(Data entries)
lemma max_weight_exchange:
  assumes X: "max_weight Bs w X" and Y: "max_weight Bs w Y" and z: "z \<in> X - Y"
    and z_max: "\<And>d. d \<in> sym_diff X Y \<Longrightarrow> w d \<le> w z"
  shows "\<exists>y\<in>Y - X. w y = w z \<and> max_weight Bs w (insert z (Y - {y}))"
proof -
  have XB: "X \<in> Bs" and YB: "Y \<in> Bs" using X Y unfolding max_weight_def by auto
  obtain y where y: "y \<in> Y - X" and Y': "insert z (Y - {y}) \<in> Bs"
    using exchange[OF XB YB z] by blast
  have swap: "sum w (insert z (Y - {y})) = sum w Y - w y + w z"
    using finite_basis[OF YB] y z by (simp add: sum_diff1)
  have "sum w (insert z (Y - {y})) \<le> sum w Y" using Y Y' unfolding max_weight_def by blast
  then have "w y = w z" using swap z_max[of y] y by simp
  moreover have "max_weight Bs w (insert z (Y - {y}))"
    using Y Y' swap \<open>w y = w z\<close> unfolding max_weight_def by simp
  ultimately show ?thesis using y by blast
qed

lemma max_weight_tie_in_sym_diff:
  assumes "max_weight Bs w X" "max_weight Bs w Y" "X \<noteq> Y"
  obtains y z where "y \<in> sym_diff X Y" "z \<in> sym_diff X Y" "y \<noteq> z" "w y = w z"
proof -
  obtain z where z: "z \<in> sym_diff X Y" and z_max: "\<And>d. d \<in> sym_diff X Y \<Longrightarrow> w d \<le> w z"
    using heaviest_in_sym_diff[OF assms] by blast
  show ?thesis
  proof (cases "z \<in> X - Y")
    case True
    then show ?thesis using max_weight_exchange[OF assms(1,2) True z_max] that[of _ z] by blast
  next
    case False
    then have "z \<in> Y - X" using z by blast
    moreover have "\<And>d. d \<in> sym_diff Y X \<Longrightarrow> w d \<le> w z" using z_max by blast
    ultimately show ?thesis using max_weight_exchange[OF assms(2,1)] that[of _ z] by blast
  qed
qed

context
  assumes one_tie: "at_most_one_tie (\<Union>Bs) w"
begin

:: To do ::
Determine how many lines in the data above contain the string "have". Give nothing except the number.

:: Solution below ::
7